Comparing AKI stage 1, patients with AKI stage 3 have higher risk of mortality in the intensive care unit (odds ratio (OR) 2.19 [95% CI 1.44–3.35] vs. OR 7.18 [95% CI 5.13–10.04]) [31]. Therefore, predicting AKI progression is always one of research highlights. FST, a method for predicting AKI progression, had desirable prediction ability, which of AU-ROC was 0.88 [6]. Our model and previous FST studies have comparable prediction ability (AU-ROC 0.926 vs. 0.88). However, FST has some limitations including not stable for patients with unstable hemodynamics [7] and no standardization of dosage and time [8]. Our model is based on vital signs and laboratory data, which are easily assessable in most institutions. These features are also significant predictors of AKI in the others model such as sepsis and creatinine [11, 13]. Real-time automated prediction and analysis of main cause are also advantages of our study.

We employed visualization function in SHAP [32] to find the effect of the specific value of each variable on model output. There are some factors contributing most including creatinine, MODS, BUN, sepsis and so on. The KDIGO criteria proposed some similar exposures that may cause AKI including sepsis and shock [2]. Advanced age, underlying CKD, sepsis, and cardiac surgery were also proposed as risk factors for AKI [1, 33]. SHAP value was found to increase with the increase of creatinine until creatinine probably reach 3 mg/dl (265.2 \(\upmu\)mol/L) (Fig. 6A). This is in line with the mainstream view in clinicians [34, 35]. The relationship between SHAP value and FST (Fig. 6B) is consistent with previous studies that FST < 100 ml/h increases the risk of AKI progression [7, 18].

Fig. 6
figure 6

SHAP value for single variable. A SHAP value for creatinine. SHAP value increases with the increase of creatinine until creatinine probably reaches 5 mg/dL. B SHAP value for FST. SHAP value decreases with the increase of FST until FST reach 100 ml/h

Our study found that machine learning has better performance than logistic regression, which is similar to the previous prediction study of AKI [13, 36]. Lee et al gradient boosting tree has better performance than logistic regression (0.78 vs. 0.69) on predicting AKI after cardiac surgery [13]. Zhang et al found the machine learning model outperformed the logistic regression model (AU-ROC 0.860 vs. 0.728) in differentiating between the volume-responsive and volume-unresponsive AKI [36]. The advantages of machine learning include ability of capturing complex non-linear relationships [37] and focusing more on misclassified observations , especially when the sample size is large enough [37]. And, machine learning can automatically input missing values and give the prediction as soon as possible for intervention in time.

A limitation of this study is a retrospective study with inevitable bias.

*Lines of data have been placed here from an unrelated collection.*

lemma (in group) baer_suzuki_conjugacy_class:
  assumes p: "Factorial_Ring.prime p" and fin: "finite (carrier G)" and t: "t \<in> carrier G"
    and pairs: "\<And>a b. a \<in> (\<lambda>g. g \<otimes> t \<otimes> inv g) ` carrier G \<Longrightarrow> b \<in> (\<lambda>g. g \<otimes> t \<otimes> inv g) ` carrier G \<Longrightarrow>
      p_subgroup G p (generate G {a, b})"
  shows "generate G ((\<lambda>g. g \<otimes> t \<otimes> inv g) ` carrier G) \<lhd> G"
    and "p_subgroup G p (generate G ((\<lambda>g. g \<otimes> t \<otimes> inv g) ` carrier G))"
proof -
  let ?D = "(\<lambda>g. g \<otimes> t \<otimes> inv g) ` carrier G"
  have D: "?D \<subseteq> carrier G" using t by auto
  have conj_D: "conj_invariant G (carrier G) ?D"
    unfolding conj_invariant_def
  proof (intro ballI)
    fix h d assume h: "h \<in> carrier G" and "d \<in> ?D"
    then obtain g where g: "g \<in> carrier G" "d = g \<otimes> t \<otimes> inv g" by blast
    then have "h \<otimes> d \<otimes> inv h = (h \<otimes> g) \<otimes> t \<otimes> inv (h \<otimes> g)"
      using h t by (simp add: m_assoc inv_mult_group)
    then show "h \<otimes> d \<otimes> inv h \<in> ?D" using h g(1) by auto
  qed
  then show "generate G ?D \<lhd> G"
    using D unfolding conj_invariant_def by (intro normal_generateI) auto
  have "p_subgroup G p {\<one>}" unfolding p_subgroup_def using triv_subgroup by (intro conjI exI[of _ 0]) auto
  moreover have "conj_invariant G (carrier G) {\<one>}" unfolding conj_invariant_def by simp
  moreover have "p_subgroup G p (generate G ({a, b} \<union> {\<one>}))" if ab: "a \<in> ?D" "b \<in> ?D" for a b
  proof -
    have "generate G ({a, b} \<union> {\<one>}) = generate G {a, b}" using ab D by (intro generate_Un_one) blast
    then show ?thesis using pairs[OF ab] by simp
  qed
  ultimately have "baer_suzuki_data G p (carrier G) {\<one>} ?D"
    using is_group p subgroup_self fin D conj_D
    unfolding baer_suzuki_data_def baer_suzuki_data_axioms_def by blast
  then have "p_subgroup G p (generate G (?D \<union> {\<one>}))" by (rule baer_suzuki)
  then show "p_subgroup G p (generate G ?D)" using generate_Un_one[OF D] by simp
qed

lemma (in group) baer_suzuki_conjugates:
  assumes p: "Factorial_Ring.prime p" and fin: "finite (carrier G)" and t: "t \<in> carrier G" "t \<noteq> \<one>"
    and no_normal: "\<And>N. N \<lhd> G \<Longrightarrow> p_subgroup G p N \<Longrightarrow> N = {\<one>}"
  obtains h1 h2 where "h1 \<in> carrier G" "h2 \<in> carrier G"
    "\<not> p_subgroup G p (generate G {h1 \<otimes> t \<otimes> inv h1, h2 \<otimes> t \<otimes> inv h2})"
proof -
  let ?class = "(\<lambda>h. h \<otimes> t \<otimes> inv h) ` carrier G"
  have "\<exists>a\<in>?class. \<exists>b\<in>?class. \<not> p_subgroup G p (generate G {a, b})"
  proof (rule ccontr)
    assume "\<not> ?thesis"
    then have "generate G ?class = {\<one>}"
      using baer_suzuki_conjugacy_class[OF p fin t(1)] no_normal by blast
    moreover have "t \<in> ?class" using t(1) by (auto intro!: image_eqI[of _ _ \<one>])
    ultimately show False using subset_generate[of ?class] t(2) by blast
  qed
  then show ?thesis using that by blast
qed

section \<open>Fixed points of involutions\<close>

context group
begin

lemma involution_inv: "a \<in> carrier G \<Longrightarrow> a \<otimes> a = \<one> \<Longrightarrow> inv a = a"
  by (simp add: inv_equality)

lemma conj_involution:
  assumes "h \<in> carrier G" "t \<in> carrier G" "t \<otimes> t = \<one>"
  shows "(h \<otimes> t \<otimes> inv h) \<otimes> (h \<otimes> t \<otimes> inv h) = \<one>"
proof -
  have "(h \<otimes> t \<otimes> inv h) \<otimes> (h \<otimes> t \<otimes> inv h) = h \<otimes> (t \<otimes> t) \<otimes> inv h"
    using assms(1,2) by (simp add: m_assoc)
  then show ?thesis using assms by simp
qed

lemma involutions_conj_product:
  assumes "a \<in> carrier G" "b \<in> carrier G" "a \<otimes> a = \<one>" "b \<otimes> b = \<one>"
  shows "a \<otimes> (a \<otimes> b) \<otimes> inv a = inv (a \<otimes> b)"
  using assms by (simp add: involution_inv inv_mult_group m_assoc[symmetric])

(* <a, b> = <a> <a b>, and a inverts a b. *)
lemma involutions_generate_2_subgroup:
  assumes a: "a \<in> carrier G" "a \<otimes> a = \<one>" and b: "b \<in> carrier G" "b \<otimes> b = \<one>"
    and c: "(a \<otimes> b) [^] ((2::nat) ^ m) = \<one>"
  shows "p_subgroup G 2 (generate G {a, b})"
proof -
  define B where "B = generate G {a \<otimes> b}"
  have "a [^] ((2::nat) ^ 1) = \<one>" using a by (simp add: numeral_2_eq_2)
  then have A: "p_subgroup G 2 (generate G {a})"
    using a(1) by (intro p_subgroup_generate_singleton[where m = 1]) auto
  have B: "p_subgroup G 2 B" unfolding B_def using a(1) b(1) c
    by (intro p_subgroup_generate_singleton) auto
  then have B_sub: "subgroup B G" "finite B" unfolding p_subgroup_def by auto
  have "a \<otimes> b \<in> B" unfolding B_def by (rule generate.incl) simp
  then have "a \<otimes> (a \<otimes> b) \<otimes> inv a \<in> B"
    using subgroup.m_inv_closed[OF B_sub(1)] involutions_conj_product[OF a(1) b(1) a(2) b(2)] by simp
  then have "a \<otimes> x \<otimes> inv a \<in> B" if "x \<in> B" for x
    using conj_generate_in_subgroup[of "{a \<otimes> b}" B a x] a(1) b(1) B_sub(1) that
    unfolding B_def by simp
  then have "a \<in> {g \<in> carrier G. conj_invariant G {g} B}"
    using a(1) unfolding conj_invariant_def by blast
  then have "generate G {a} \<subseteq> {g \<in> carrier G. conj_invariant G {g} B}"
    using subgroup_normalizing_elements[OF subgroup_self B_sub] by (intro generate_subgroup_incl) auto
  then have "conj_invariant G (generate G {a}) B" unfolding conj_invariant_def by blast
  then have AB: "p_subgroup G 2 (generate G (generate G {a} \<union> B))"
    using A B by (intro p_subgroup_generate_Un) auto
  have "a \<in> generate G (generate G {a} \<union> B)" "a \<otimes> b \<in> generate G (generate G {a} \<union> B)"
    using subset_generate[of "{a}"] subset_generate[of "{a \<otimes> b}"]
      subset_generate[of "generate G {a} \<union> B"] unfolding B_def by blast+
  then have "a \<otimes> (a \<otimes> b) \<in> generate G (generate G {a} \<union> B)" by (rule generate.eng)
  moreover have "a \<otimes> (a \<otimes> b) = b" using a b by (simp add: m_assoc[symmetric])
  ultimately have "{a, b} \<subseteq> generate G (generate G {a} \<union> B)"
    using \<open>a \<in> generate G (generate G {a} \<union> B)\<close> by simp
  then show ?thesis by (rule p_subgroup_generate_subset[OF two_is_prime_nat AB])
qed

lemma involutions_conj_pow:
  assumes "a \<in> carrier G" "b \<in> carrier G" "a \<otimes> a = \<one>" "b \<otimes> b = \<one>"
  shows "inv ((a \<otimes> b) [^] (j::nat)) \<otimes> a \<otimes> (a \<otimes> b) [^] j = a \<otimes> (a \<otimes> b) [^] (2 * j)"
proof -
  have c: "a \<otimes> b \<in> carrier G" using assms by simp
  have "a \<otimes> (a \<otimes> b) [^] j \<otimes> inv a = (a \<otimes> (a \<otimes> b) \<otimes> inv a) [^] j"
    by (rule conj_nat_pow[OF assms(1) c])
  also have "\<dots> = inv ((a \<otimes> b) [^] j)"
    using involutions_conj_product[OF assms] nat_pow_inv[OF c] by simp
  finally have "inv ((a \<otimes> b) [^] j) \<otimes> a \<otimes> (a \<otimes> b) [^] j
      = a \<otimes> (a \<otimes> b) [^] j \<otimes> inv a \<otimes> a \<otimes> (a \<otimes> b) [^] j"
    by (simp only:)
  also have "\<dots> = a \<otimes> (a \<otimes> b) [^] (2 * j)"
    using assms(1) c by (simp add: m_assoc nat_pow_mult mult_2)
  finally show ?thesis .
qed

And, the proportion of patients who eventually progressed to AKI stage 3 (8.3%) is significantly lower than that without progression (91.7%). Even if we use the algorithm to balance the sample, it may still have bad effect on model generalization and reliability. Furthermore, external validation is still required in the following study.

Conclusion

We collected data from MIMIC-III and proposed a predicting model for AKI progression from stage1 to stage 2/3 by machine learning. The model had excellent performance in predicting AKI progression and was significantly better than the performance of logistics model. In the final model, creatinine, MODS and BUN were factors contributing most. The reasons of performance gap and important factors require further study.